The trial was stopped early because of these successful findings.
HHT is a condition in which blood vessels become unusually tangled and twisted. This can lead to excessive nosebleeds that hallmark the disease. HHT also causes bleeding in the digestive tract and can produce serious complications in the lungs, liver and brain. Bleeding episodes worsen with age. There are no FDA-approved medications for long-term management of HHT.
Dr. McCrae began searching for new options and found that the cancer drug thalidomide had shown positive outcomes in a few patients with similar symptoms.
Thalidomide primarily treats multiple myeloma, but can have serious side effects, so instead of pursuing large-scale research with thalidomide, Dr. McCrae used a drug with a similar chemical structure called pomalidomide, an FDA-approved drug for the treatment of bone marrow cancer.

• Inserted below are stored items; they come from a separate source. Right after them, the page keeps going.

(* Let $I\subsetneq\mathbb{N}$ be infinite, $I=I^+\sqcup I^-$ a partition, and $J=\mathbb{N}\setminus I$. For each $j\in J$ let $d_j\in E$ be a linear combination of monomials of odd length, each of which is a product of generators $e_i$ with $i\in I$ and contains an even number of factors $e_i$ with $i\in I^-$. Let $\varphi\in\mathrm{Aut}(E)$, $\varphi^2=\mathrm{id}$, be the automorphism given on generators by $\varphi(e_i)=e_i$ for $i\in I^+$, $\varphi(e_i)=-e_i$ for $i\in I^-$, and $\varphi(e_i)=-e_i+2d_i$ for $i\in J$. Then $E_\varphi$ is $\mathbb{Z}_2$-isomorphic to one of the superalgebras $E_\infty$, $E_{k^\ast}$ or $E_k$ for some $k$.
   Context: $F$ is a field of characteristic zero, $L$ an infinite-dimensional $F$-vector space with basis $e_1,e_2,\ldots$, $E$ its Grassmann algebra (basis $1$ and monomials $e_{i_1}\cdots e_{i_m}$, $i_1<\cdots<i_m$, with $e_ie_j=-e_je_i$). $E_\varphi$ is the $\mathbb{Z}_2$-grading on $E$ by eigenspaces of $\varphi$ for eigenvalues $1$ (degree 0) and $-1$ (degree 1). Homogeneous gradings: $E_k$ has $e_1,\ldots,e_k$ of degree $0$ and the other $e_i$ of degree $1$; $E_{k^\ast}$ has $e_1,\ldots,e_k$ of degree $1$ and the others of degree $0$; $E_\infty$ has $e_i$ of degree $0$ for $i$ even and $1$ for $i$ odd. Two superalgebras are $\mathbb{Z}_2$-isomorphic if there is an algebra isomorphism mapping the degree-$i$ component onto the degree-$i$ component, $i=0,1$. *)

theory Defs
  imports Main
begin

text \<open>An element is a function from finite sets of indices (monomials
  e_{i_1}...e_{i_m}, i_1 < ... < i_m) to coefficients with finite support.\<close>

type_synonym 'a grass = "nat set \<Rightarrow> 'a"

definition gE :: "'a::field grass set" where
  "gE = {x. finite {S. x S \<noteq> 0} \<and> (\<forall>S. x S \<noteq> 0 \<longrightarrow> finite S)}"

definition gsign :: "nat set \<Rightarrow> nat set \<Rightarrow> 'a::field" where
  "gsign S T = (-1) ^ card {(s,t). s \<in> S \<and> t \<in> T \<and> t < s}"

definition gmult :: "'a::field grass \<Rightarrow> 'a grass \<Rightarrow> 'a grass" where
  "gmult x y = (\<lambda>U. \<Sum>S\<in>Pow U. gsign S (U - S) * x S * y (U - S))"

definition gadd :: "'a::field grass \<Rightarrow> 'a grass \<Rightarrow> 'a grass" where
  "gadd x y = (\<lambda>S. x S + y S)"

definition gscale :: "'a::field \<Rightarrow> 'a grass \<Rightarrow> 'a grass" where
  "gscale c x = (\<lambda>S. c * x S)"

definition ggen :: "nat \<Rightarrow> 'a::field grass" where
  "ggen i = (\<lambda>S. if S = {i} then 1 else 0)"

definition galg_hom :: "('a::field grass \<Rightarrow> 'a grass) \<Rightarrow> bool" where
  "galg_hom f \<longleftrightarrow> (\<forall>x\<in>gE. f x \<in> gE)
     \<and> (\<forall>x\<in>gE. \<forall>y\<in>gE. f (gadd x y) = gadd (f x) (f y))
     \<and> (\<forall>c. \<forall>x\<in>gE. f (gscale c x) = gscale c (f x))
     \<and> (\<forall>x\<in>gE. \<forall>y\<in>gE. f (gmult x y) = gmult (f x) (f y))"

text \<open>Homogeneous grading where the generators e_i with i \<in> D have degree 1
  and the others degree 0: components of degree 0 and 1.\<close>
definition hcomp0 :: "nat set \<Rightarrow> 'a::field grass set" where
  "hcomp0 D = {x \<in> gE. \<forall>S. x S \<noteq> 0 \<longrightarrow> even (card (S \<inter> D))}"

definition hcomp1 :: "nat set \<Rightarrow> 'a::field grass set" where
  "hcomp1 D = {x \<in> gE. \<forall>S. x S \<noteq> 0 \<longrightarrow> odd (card (S \<inter> D))}"

definition z2_iso :: "'a::field grass set \<Rightarrow> 'a grass set \<Rightarrow> 'a grass set \<Rightarrow> 'a grass set \<Rightarrow> bool" where
  "z2_iso A0 A1 B0 B1 \<longleftrightarrow> (\<exists>\<psi>. galg_hom \<psi> \<and> bij_betw \<psi> gE gE \<and> \<psi> ` A0 = B0 \<and> \<psi> ` A1 = B1)"

definition Ephi0 :: "('a::field grass \<Rightarrow> 'a grass) \<Rightarrow> 'a grass set" where
  "Ephi0 \<phi> = {x \<in> gE. \<phi> x = x}"

definition Ephi1 :: "('a::field grass \<Rightarrow> 'a grass) \<Rightarrow> 'a grass set" where
  "Ephi1 \<phi> = {x \<in> gE. \<phi> x = gscale (-1) x}"

text \<open>Homogeneous gradings (indices 0-based): E_k has e_i, i < k, of degree 0;
  E_{k*} has e_i, i < k, of degree 1; E_inf has e_i of degree 1 iff i odd.\<close>
definition Ek_deg1 :: "nat \<Rightarrow> nat set" where "Ek_deg1 k = {i. k \<le> i}"
definition Ekstar_deg1 :: "nat \<Rightarrow> nat set" where "Ekstar_deg1 k = {i. i < k}"
definition Einf_deg1 :: "nat set" where "Einf_deg1 = {i. odd i}"

end

theory Submission
  imports Defs "HOL-Library.Countable_Set"
begin

text \<open>For j outside I put f_j = e_j - d_j, and f_i = e_i for i in I. Each d_j is a
  combination of monomials in the e_i, i in I, with an even number of factors from I^-, so
  phi fixes d_j and phi(f_j) = -e_j + 2 d_j - d_j = -f_j. Thus phi multiplies each of the
  odd free generators f_i by a sign, and the substitution e_i \<mapsto> f_i identifies E_phi
  with the homogeneous grading whose odd generators are indexed by D = I^- \<union> J.
  A permutation of the indices carries D to {i. i < k}, {i. k \<le> i} or the odd numbers,
  according as D is finite, its complement is finite, or neither.\<close>

section \<open>Signs of shuffles\<close>

definition inversions :: "nat set \<Rightarrow> nat set \<Rightarrow> (nat \<times> nat) set" where
  "inversions S T = {(s, t). s \<in> S \<and> t \<in> T \<and> t < s}"

lemma gsign_eq_card_inversions: "gsign S T = (-1) ^ card (inversions S T)"
  by (simp add: gsign_def inversions_def)

lemma finite_inversions: "finite S \<Longrightarrow> finite T \<Longrightarrow> finite (inversions S T)"
  by (rule finite_subset[of _ "S \<times> T"]) (auto simp: inversions_def)

lemma gsign_Un_left:
  assumes "finite A" "finite B" "finite C" "A \<inter> B = {}"
  shows "gsign (A \<union> B) C = (gsign A C * gsign B C :: 'a::field)"
proof -
  have "inversions (A \<union> B) C = inversions A C \<union> inversions B C"
    and "inversions A C \<inter> inversions B C = {}"
    using assms(4) by (auto simp: inversions_def)
  then show ?thesis
    using assms by (simp add: gsign_eq_card_inversions card_Un_disjoint finite_inversions power_add)
qed

lemma gsign_Un_right:
  assumes "finite A" "finite B" "finite C" "B \<inter> C = {}"
  shows "gsign A (B \<union> C) = (gsign A B * gsign A C :: 'a::field)"
proof -
  have "inversions A (B \<union> C) = inversions A B \<union> inversions A C"
    and "inversions A B \<inter> inversions A C = {}"
    using assms(4) by (auto simp: inversions_def)
  then show ?thesis
    using assms by (simp add: gsign_eq_card_inversions card_Un_disjoint finite_inversions power_add)
qed

lemma gsign_mult_gsign_swap:
  assumes fin: "finite A" "finite B" and disj: "A \<inter> B = {}"
  shows "gsign A B * gsign B A = ((-1) ^ (card A * card B) :: 'a::field)"
proof -
  let ?swap = "\<lambda>(a, b). (b, a)"
  have "A \<times> B = inversions A B \<union> ?swap ` inversions B A"
  proof (intro equalityI subsetI)
    fix p assume "p \<in> A \<times> B"
    then obtain a b where ab: "p = (a, b)" "a \<in> A" "b \<in> B" by blast
    with disj have "b < a \<or> a < b" by (metis disjoint_iff nat_neq_iff)
    then show "p \<in> inversions A B \<union> ?swap ` inversions B A"
      using ab by (auto simp: inversions_def image_iff)
  qed (auto simp: inversions_def)
  moreover have "inversions A B \<inter> ?swap ` inversions B A = {}"
    by (auto simp: inversions_def)
  moreover have "card (?swap ` inversions B A) = card (inversions B A)"
    by (rule card_image) (auto simp: inj_on_def)
  ultimately have "card A * card B = card (inversions A B) + card (inversions B A)"
    using fin by (metis card_Un_disjoint card_cartesian_product finite_inversions finite_imageI)
  then show ?thesis by (simp add: gsign_eq_card_inversions power_add)
qed

lemma gsign_mult_self: "gsign A B * gsign A B = (1::'a::field)"
  unfolding gsign_def by (simp flip: power_mult_distrib)

lemma gsign_empty_left [simp]: "gsign {} B = 1"
  and gsign_empty_right [simp]: "gsign A {} = 1"
  by (simp_all add: gsign_def)

lemma gsign_singleton_less:
  assumes "\<forall>a\<in>W. s < a"
  shows "gsign {s} W = 1"
proof -
  have "inversions {s} W = {}" using assms by (auto simp: inversions_def)
  then show ?thesis by (simp add: gsign_eq_card_inversions)
qed

lemma gsign_singleton_insert:
  assumes "finite W" "w < s" "w \<notin> W"
  shows "gsign {s} (insert w W) = - (gsign {s} W :: 'a::field)"
proof -
  have "inversions {s} (insert w W) = insert (s, w) (inversions {s} W)"
    and "(s, w) \<notin> inversions {s} W"
    using assms by (auto simp: inversions_def)
  then show ?thesis using assms by (simp add: gsign_eq_card_inversions finite_inversions)
qed

section \<open>The Grassmann algebra\<close>

definition gsupp :: "'a::field grass \<Rightarrow> nat set set" where
  "gsupp x = {S. x S \<noteq> 0}"

definition gmono :: "nat set \<Rightarrow> 'a::field grass" where
  "gmono T = (\<lambda>S. if S = T then 1 else 0)"

definition gone :: "'a::field grass" where
  "gone = gmono {}"

abbreviation gzero :: "'a::field grass" where
  "gzero \<equiv> \<lambda>S. 0"

lemma gE_intro: "finite (gsupp x) \<Longrightarrow> (\<And>S. x S \<noteq> 0 \<Longrightarrow> finite S) \<Longrightarrow> x \<in> gE"
  by (auto simp: gE_def gsupp_def)

lemma finite_gsupp: "x \<in> gE \<Longrightarrow> finite (gsupp x)"
  by (auto simp: gE_def gsupp_def)

lemma gE_finite_index: "x \<in> gE \<Longrightarrow> x S \<noteq> 0 \<Longrightarrow> finite S"
  by (auto simp: gE_def)

lemma gmult_infinite: "infinite U \<Longrightarrow> gmult x y U = 0"
  by (simp add: gmult_def)

lemma gmult_nonzero_split:
  assumes "gmult x y U \<noteq> 0"
  obtains S where "S \<subseteq> U" "x S \<noteq> 0" "y (U - S) \<noteq> 0"
  using assms sum.neutral unfolding gmult_def by (metis (no_types, lifting) PowD mult_eq_0_iff)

All participants had moderate to severe nosebleeds requiring iron infusions or blood transfusions.
Researchers observed that patients with HHT taking pomalidomide saw a marked decrease in nosebleed severity, required fewer blood transfusions and iron infusions and experienced an improved quality of life.
Researchers speculate that pomalidomide works by blocking the growth of abnormal blood vessels.
Though researchers did not follow participants after the trial ended, Dr. McCrae said some of his patients who were enrolled in the study have gone up to six months without nosebleeds recurring, even though they had stopped the medication. This suggested that the drug may have promise as a long-term or intermittent treatment, he said.
(Excerpt) Read more at medicalxpress.com ...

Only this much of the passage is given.